A simple and easy way to make and enjoy collard green wraps using fresh, healthy, no-cook, no-oil, no-added-salt, nutritarian ingredients.
Trim off the bottom stems of your leaves, just up to where the leaf starts.
Use a potato peeler to shave off the center leaf stalk on the ribbed protruding side of the leaf.
Wash the shaved leaf in water and then place on a microwave-safe plate and microwave each leaf for 10 to 15 seconds on high power.
Start with the leaf on it's side, length-wise.

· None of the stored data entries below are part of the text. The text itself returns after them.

lemma set_integral_by_parts:
  fixes P p q Q :: "real \<Rightarrow> complex"
  assumes l: "0 \<le> l"
    and dP: "\<And>x. x \<in> {0..l} \<Longrightarrow> (P has_vector_derivative p x) (at x within {0..l})"
    and pc: "continuous_on {0..l} p"
    and qi: "set_integrable lebesgue {0..l} q"
    and Q: "\<And>x. x \<in> {0..l} \<Longrightarrow> Q x = Q 0 + (LINT t:{0..x}|lebesgue. q t)"
  shows "(LINT x:{0..l}|lebesgue. P x * q x) + (LINT x:{0..l}|lebesgue. p x * Q x) = P l * Q l - P 0 * Q 0"
proof -
  have pi: "set_integrable lebesgue {0..l} p" by (rule absolutely_integrable_continuous_real[OF pc])
  have Pc: "continuous_on {0..l} P" by (rule continuous_on_vector_derivative) (rule dP)
  have Qc: "continuous_on {0..l} Q" by (rule continuous_on_indefinite_integral[OF qi Q])
  have P: "P x - P 0 = (LINT t:{0..x}|lebesgue. p t)" if "x \<in> {0..l}" for x
    using eq_set_integral_of_continuous_derivative[OF dP pc that] by simp
  have Q_tail: "Q l - Q t = (LINT x:{t..l}|lebesgue. q x)" if "t \<in> {0..l}" for t
    using Q[of l] Q[OF that] set_integral_combine[OF qi, of t] that l by simp
  have "(LINT x:{0..l}|lebesgue. q x * (P x - P 0)) = (LINT x:{0..l}|lebesgue. q x * (LINT t:{0..x}|lebesgue. p t))"
    by (rule set_lebesgue_integral_cong) (simp_all add: P)
  also have "\<dots> = (LINT t:{0..l}|lebesgue. p t * (LINT x:{t..l}|lebesgue. q x))"
    by (rule set_integral_triangle_swap[OF pi qi])
  also have "\<dots> = (LINT t:{0..l}|lebesgue. p t * (Q l - Q t))"
    by (rule set_lebesgue_integral_cong) (simp_all add: Q_tail)
  finally have swap: "(LINT x:{0..l}|lebesgue. q x * (P x - P 0)) = (LINT t:{0..l}|lebesgue. p t * (Q l - Q t))" .
  have i1: "set_integrable lebesgue {0..l} (\<lambda>x. q x * (P x - P 0))"
    using set_integrable_continuous_mult[of 0 l "\<lambda>x. P x - P 0" q] Pc qi
    by (simp add: continuous_on_diff mult.commute)
  have i2: "set_integrable lebesgue {0..l} (\<lambda>t. p t * (Q l - Q t))"
    by (rule absolutely_integrable_continuous_real) (intro continuous_intros pc Qc)
  have "(LINT x:{0..l}|lebesgue. P x * q x) = (LINT x:{0..l}|lebesgue. q x * (P x - P 0) + P 0 * q x)"
    by (simp add: algebra_simps)
  also have "\<dots> = (LINT x:{0..l}|lebesgue. q x * (P x - P 0)) + P 0 * (Q l - Q 0)"
    using set_integral_add(2)[OF i1, of "\<lambda>x. P 0 * q x"] qi Q[of l] l by simp
  finally have Pq: "(LINT x:{0..l}|lebesgue. P x * q x) = (LINT x:{0..l}|lebesgue. q x * (P x - P 0)) + P 0 * (Q l - Q 0)" .
  have "(LINT x:{0..l}|lebesgue. p x * Q x) = (LINT x:{0..l}|lebesgue. Q l * p x - p x * (Q l - Q x))"
    by (simp add: algebra_simps)
  also have "\<dots> = Q l * (P l - P 0) - (LINT t:{0..l}|lebesgue. p t * (Q l - Q t))"
    using set_integral_diff(2)[OF _ i2, of "\<lambda>x. Q l * p x"] pi P[of l] l by simp
  finally have pQ: "(LINT x:{0..l}|lebesgue. p x * Q x) = Q l * (P l - P 0) - (LINT t:{0..l}|lebesgue. p t * (Q l - Q t))" .
  show ?thesis unfolding Pq pQ swap by (simp add: algebra_simps)
qed

section \<open>Green's formula\<close>

lemma green_formula_edge:
  fixes u h :: "real \<Rightarrow> complex"
  assumes l: "0 < l" and u: "Hk 4 l u" and h: "Hk 2 l h"
  shows "(LINT x:{0..l}|lebesgue. nderiv l 2 u x * cnj (nderiv l 2 h x)) =
         (LINT x:{0..l}|lebesgue. nderiv l 4 u x * cnj (h x))
         + nderiv l 2 u l * cnj (nderiv l 1 h l) - nderiv l 2 u 0 * cnj (nderiv l 1 h 0)
         - nderiv l 3 u l * cnj (h l) + nderiv l 3 u 0 * cnj (h 0)"
proof -
  define A where "A = (LINT x:{0..l}|lebesgue. nderiv l 2 u x * cnj (nderiv l 2 h x))"
  define B where "B = (LINT x:{0..l}|lebesgue. nderiv l 3 u x * cnj (nderiv l 1 h x))"
  define C where "C = (LINT x:{0..l}|lebesgue. nderiv l 4 u x * cnj (h x))"
  have "A + B = nderiv l 2 u l * cnj (nderiv l 1 h l) - nderiv l 2 u 0 * cnj (nderiv l 1 h 0)"
    unfolding A_def B_def
  proof (rule set_integral_by_parts)
    show "(nderiv l 2 u has_vector_derivative nderiv l 3 u x) (at x within {0..l})" if "x \<in> {0..l}" for x
      using Hk_has_vector_derivative[OF u l _ that, of 2] by (simp add: numeral_eq_Suc)
    show "continuous_on {0..l} (nderiv l 3 u)" by (rule Hk_continuous_nderiv[OF u l]) simp
    show "set_integrable lebesgue {0..l} (\<lambda>x. cnj (nderiv l 2 h x))"
      using Hk_nderiv_L2[OF h l, of 1] by (intro set_integrable_cnj L2_on_set_integrable) (simp add: numeral_eq_Suc)
    show "cnj (nderiv l 1 h x) = cnj (nderiv l 1 h 0) + (LINT t:{0..x}|lebesgue. cnj (nderiv l 2 h t))"
      if "x \<in> {0..l}" for x
      using Hk_nderiv_integral[OF h l _ that, of 1] by (simp add: set_integral_cnj numeral_eq_Suc)
  qed (use l in simp)
  then have "A = nderiv l 2 u l * cnj (nderiv l 1 h l) - nderiv l 2 u 0 * cnj (nderiv l 1 h 0) - B"
    by (simp add: eq_diff_eq)
  moreover have "(LINT x:{0..l}|lebesgue. cnj (h x) * nderiv l 4 u x)
      + (LINT x:{0..l}|lebesgue. cnj (nderiv l 1 h x) * nderiv l 3 u x)
      = cnj (h l) * nderiv l 3 u l - cnj (h 0) * nderiv l 3 u 0"
  proof (rule set_integral_by_parts)
    show "((\<lambda>x. cnj (h x)) has_vector_derivative cnj (nderiv l 1 h x)) (at x within {0..l})" if "x \<in> {0..l}" for x
      using has_vector_derivative_cnj[OF Hk_has_vector_derivative[OF h l _ that, of 0]] by (simp add: numeral_eq_Suc)
    show "continuous_on {0..l} (\<lambda>x. cnj (nderiv l 1 h x))"
      by (intro continuous_on_cnj Hk_continuous_nderiv[OF h l]) simp
    show "set_integrable lebesgue {0..l} (nderiv l 4 u)"
      using Hk_nderiv_L2[OF u l, of 3] by (intro L2_on_set_integrable) (simp add: numeral_eq_Suc)
    show "nderiv l 3 u x = nderiv l 3 u 0 + (LINT t:{0..x}|lebesgue. nderiv l 4 u t)" if "x \<in> {0..l}" for x
      using Hk_nderiv_integral[OF u l _ that, of 3] by (simp add: numeral_eq_Suc)
  qed (use l in simp)
  then have "C + B = cnj (h l) * nderiv l 3 u l - cnj (h 0) * nderiv l 3 u 0"
    unfolding B_def C_def by (simp only: mult.commute)
  then have "B = cnj (h l) * nderiv l 3 u l - cnj (h 0) * nderiv l 3 u 0 - C"
    by (simp add: eq_diff_eq add.commute)
  ultimately show ?thesis
    unfolding A_def[symmetric] C_def[symmetric] by (simp add: algebra_simps)
qed

lemma sum_lessThan_add: "(\<Sum>i<a+b. F i) = (\<Sum>i<a. F i) + (\<Sum>i<b. F (a+i))"
  for F :: "nat \<Rightarrow> 'a::comm_monoid_add"
  by (induction b) (simp_all add: add.assoc)

lemma sum_lessThan_4_blocks:
  "(\<Sum>i<4*E. F i) = (\<Sum>e<E. F e + F (E+e) + F (2*E+e) + F (3*E+e))"
  for F :: "nat \<Rightarrow> 'a::comm_monoid_add"
proof -
  have "4 * E = E + (E + (E + E))" by simp
  moreover have "\<And>e. 2*E+e = E+(E+e)" "\<And>e. 3*E+e = E+(E+(E+e))" by simp_all
  ultimately show ?thesis by (simp only: sum_lessThan_add sum.distrib add.assoc)
qed

lemma green_formula:
  assumes len: "\<And>e. e < E \<Longrightarrow> 0 < len e" and u: "HkG 4 E len u" and h: "HkG 2 E len h"
  shows "(\<Sum>e<E. LINT x:{0..len e}|lebesgue. nderiv (len e) 2 (u e) x * cnj (nderiv (len e) 2 (h e) x))
        = (\<Sum>e<E. LINT x:{0..len e}|lebesgue. nderiv (len e) 4 (u e) x * cnj (h e x))
          - cinner (4*E) (bv32 E len u) (bv01 E len h)"
proof -
  define K where "K e = nderiv (len e) 2 (u e) 0 * cnj (nderiv (len e) 1 (h e) 0)
      - nderiv (len e) 2 (u e) (len e) * cnj (nderiv (len e) 1 (h e) (len e))
      + nderiv (len e) 3 (u e) (len e) * cnj (h e (len e)) - nderiv (len e) 3 (u e) 0 * cnj (h e 0)" for e
  have "cinner (4*E) (bv32 E len u) (bv01 E len h) = (\<Sum>e<E. K e)"
    unfolding cinner_def sum_lessThan_4_blocks
    by (rule sum.cong) (auto simp: K_def bv32_def bv01_def algebra_simps)
  moreover have "(LINT x:{0..len e}|lebesgue. nderiv (len e) 2 (u e) x * cnj (nderiv (len e) 2 (h e) x))
      = (LINT x:{0..len e}|lebesgue. nderiv (len e) 4 (u e) x * cnj (h e x)) - K e" if "e < E" for e
    using green_formula_edge[OF len[OF that]] u h that unfolding HkG_def K_def
    by (simp add: algebra_simps)
  ultimately show ?thesis by (simp add: sum_subtractf)
qed

lemma form_a_eq_L2inner:
  assumes len: "\<And>e. e < E \<Longrightarrow> 0 < len e" and u: "HkG 4 E len u" and v: "L2G E len v"
    and uv: "\<And>e. e < E \<Longrightarrow> AE x in lebesgue. x \<in> {0..len e} \<longrightarrow> v e x = nderiv (len e) 4 (u e) x"
    and h: "HkG 2 E len h"
  shows "form_a E len R u h
       = L2inner E len v h - cinner (4*E) (\<lambda>i. bv32 E len u i + R (bv01 E len u) i) (bv01 E len h)"
proof -
  have "(LINT x:{0..len e}|lebesgue. nderiv (len e) 4 (u e) x * cnj (h e x))
      = (LINT x:{0..len e}|lebesgue. v e x * cnj (h e x))" if e: "e < E" for e
  proof (rule set_integral_cong_AE_subset)
    have l: "0 < len e" by (rule len[OF e])
    have "L2_on {0..len e} (h e)"
      using L2_on_continuous[OF Hk_continuous_nderiv[of 2 "len e" "h e" 0]] h e l by (simp add: HkG_def)
    moreover have "L2_on {0..len e} (nderiv (len e) 4 (u e))"
      using Hk_nderiv_L2[of 4 "len e" "u e" 3] u e l by (simp add: HkG_def numeral_eq_Suc)
    moreover have "L2_on {0..len e} (v e)" using v e by (simp add: L2G_def)
    ultimately show "set_integrable lebesgue {0..len e} (\<lambda>x. nderiv (len e) 4 (u e) x * cnj (h e x))"
      "set_integrable lebesgue {0..len e} (\<lambda>x. v e x * cnj (h e x))"
      by (simp_all add: L2_on_mult_cnj_integrable)
    show "AE x in lebesgue. x \<in> {0..len e} \<longrightarrow> nderiv (len e) 4 (u e) x * cnj (h e x) = v e x * cnj (h e x)"
      using uv[OF e] by (rule eventually_mono) auto
  qed auto
  then have "(\<Sum>e<E. LINT x:{0..len e}|lebesgue. nderiv (len e) 4 (u e) x * cnj (h e x)) = L2inner E len v h"
    unfolding L2inner_def by (intro sum.cong) auto
  moreover have "form_a E len R u h = (\<Sum>e<E. LINT x:{0..len e}|lebesgue. nderiv (len e) 4 (u e) x * cnj (h e x))
      - cinner (4*E) (bv32 E len u) (bv01 E len h) - cinner (4*E) (R (bv01 E len u)) (bv01 E len h)"
    by (simp only: form_a_def green_formula[OF len u h])
  ultimately show ?thesis
    by (simp add: cinner_def distrib_right sum.distrib)
qed

section \<open>Functions orthogonal to all second derivatives of test functions\<close>

lemma Hk2_double_integral:
  fixes \<psi> :: "real \<Rightarrow> complex"
  assumes l: "0 < l" and \<psi>: "L2_on {0..l} \<psi>"
  defines "\<Psi> \<equiv> \<lambda>x. LINT t:{0..x}|lebesgue. \<psi> t"
  defines "\<phi> \<equiv> \<lambda>x. LINT s:{0..x}|lebesgue. \<Psi> s"
  shows "Hk 2 l \<phi>" and "\<And>x. x \<in> {0..l} \<Longrightarrow> nderiv l 1 \<phi> x = \<Psi> x"
    and "AE x in lebesgue. x \<in> {0..l} \<longrightarrow> nderiv l 2 \<phi> x = \<psi> x"
proof -
  have 0: "0 \<in> {0..l}" using l by auto
  have \<psi>i: "set_integrable lebesgue {0..l} \<psi>" by (rule L2_on_set_integrable[OF \<psi>])
  have \<Psi>0: "\<Psi> 0 = 0" and \<phi>0: "\<phi> 0 = 0"
    by (simp_all add: \<Psi>_def \<phi>_def set_integral_singleton)
  have \<Psi>: "\<Psi> x = \<Psi> 0 + (LINT t:{0..x}|lebesgue. \<psi> t)" for x
    unfolding \<Psi>0 by (simp add: \<Psi>_def)
  have \<Psi>c: "continuous_on {0..l} \<Psi>" by (rule continuous_on_indefinite_integral[OF \<psi>i \<Psi>])
  have d\<phi>: "(\<phi> has_vector_derivative \<Psi> x) (at x within {0..l})" if "x \<in> {0..l}" for x
    by (rule indefinite_integral_has_vector_derivative[OF \<Psi>c _ that]) (simp add: \<phi>_def)
  show n1: "nderiv l 1 \<phi> x = \<Psi> x" if "x \<in> {0..l}" for x
    by (rule nderiv_1_eq[OF l that d\<phi>[OF that]])
  have "Hk (Suc 0) l \<phi>"
    by (rule Hk_SucI[OF Hk_0 L2_on_continuous[OF \<Psi>c]]) (unfold nderiv_0 \<phi>0, simp add: \<phi>_def)
  moreover have "nderiv l (Suc 0) \<phi> x = nderiv l (Suc 0) \<phi> 0 + (LINT t:{0..x}|lebesgue. \<psi> t)"
    if "x \<in> {0..l}" for x
    using n1[OF that] n1[OF 0] \<Psi>[of x] \<Psi>0 by simp
  ultimately have "Hk (Suc (Suc 0)) l \<phi>"
    by (rule Hk_SucI[OF _ \<psi>])
  then show "Hk 2 l \<phi>" by (simp add: numeral_2_eq_2)
  have "AE x in lebesgue. x \<in> {0..l} \<longrightarrow> vector_derivative \<Psi> (at x within {0..l}) = \<psi> x"
    by (rule vector_derivative_indefinite_integral_ae[OF l \<psi>i \<Psi>])
  then show "AE x in lebesgue. x \<in> {0..l} \<longrightarrow> nderiv l 2 \<phi> x = \<psi> x"
  proof (rule eventually_mono, intro impI)
    fix x assume "x \<in> {0..l} \<longrightarrow> vector_derivative \<Psi> (at x within {0..l}) = \<psi> x" "x \<in> {0..l}"
    then show "nderiv l 2 \<phi> x = \<psi> x"
      unfolding nderiv_numeral(2) using nderiv_Suc_cong[OF n1] by simp
  qed
qed

lemma test_function_from_moments:
  fixes \<psi> :: "real \<Rightarrow> complex"
  assumes l: "0 < l" and \<psi>: "L2_on {0..l} \<psi>"
    and moment0: "(LINT x:{0..l}|lebesgue. \<psi> x) = 0"
    and moment1: "(LINT x:{0..l}|lebesgue. of_real x * \<psi> x) = 0"
  obtains \<phi> where "Hk 2 l \<phi>" "\<phi> 0 = 0" "\<phi> l = 0" "nderiv l 1 \<phi> 0 = 0" "nderiv l 1 \<phi> l = 0"
    "AE x in lebesgue. x \<in> {0..l} \<longrightarrow> nderiv l 2 \<phi> x = \<psi> x"
proof -
  define \<Psi> where "\<Psi> x = (LINT t:{0..x}|lebesgue. \<psi> t)" for x
  define \<phi> where "\<phi> x = (LINT s:{0..x}|lebesgue. \<Psi> s)" for x
  have \<Psi>0: "\<Psi> 0 = 0" and \<phi>0: "\<phi> 0 = 0" and \<Psi>l: "\<Psi> l = 0"
    using moment0 by (simp_all add: \<Psi>_def \<phi>_def set_integral_singleton)
  have "(LINT x:{0..l}|lebesgue. of_real x * \<psi> x) + (LINT x:{0..l}|lebesgue. 1 * \<Psi> x)
      = of_real l * \<Psi> l - of_real 0 * \<Psi> 0"
    by (rule set_integral_by_parts[OF _ _ _ L2_on_set_integrable[OF \<psi>]])
      (use l in \<open>auto intro!: derivative_eq_intros simp: \<Psi>_def set_integral_singleton\<close>)
  then have \<phi>l: "\<phi> l = 0" using moment1 \<Psi>l by (simp add: \<phi>_def)
  have "0 \<in> {0..l}" "l \<in> {0..l}" using l by auto
  then show ?thesis
    using that[OF _ \<phi>0 \<phi>l] Hk2_double_integral[OF l \<psi>] \<Psi>0 \<Psi>l
    unfolding \<phi>_def[abs_def] \<Psi>_def[abs_def] by simp
qed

Mash the avocado and separate evenly between the 3 leaves. Taking care to add it just below the center-stalk and in the center leaf. Top with the raw seeds (divided equally).
Follow with the red cabbage and then finally with the lettuce. Before rolling the wraps squeeze the lime over the stuffing in each wrap.
Fold the bottom part of the leaf over the stuffing.
Roll the leaf down and around so it's hugging the stuffing, then fold the two sides of the leaf inwards.
Continue to roll the wrap up.
Using a serrated knife, cut in half and on an angle in the middle of the collard wrap.
Store in the fridge, uncut, for up to 48 hours.
Or store cut for up to 24 hours.
The lime juice will hep to keep the avocado from turning color too much.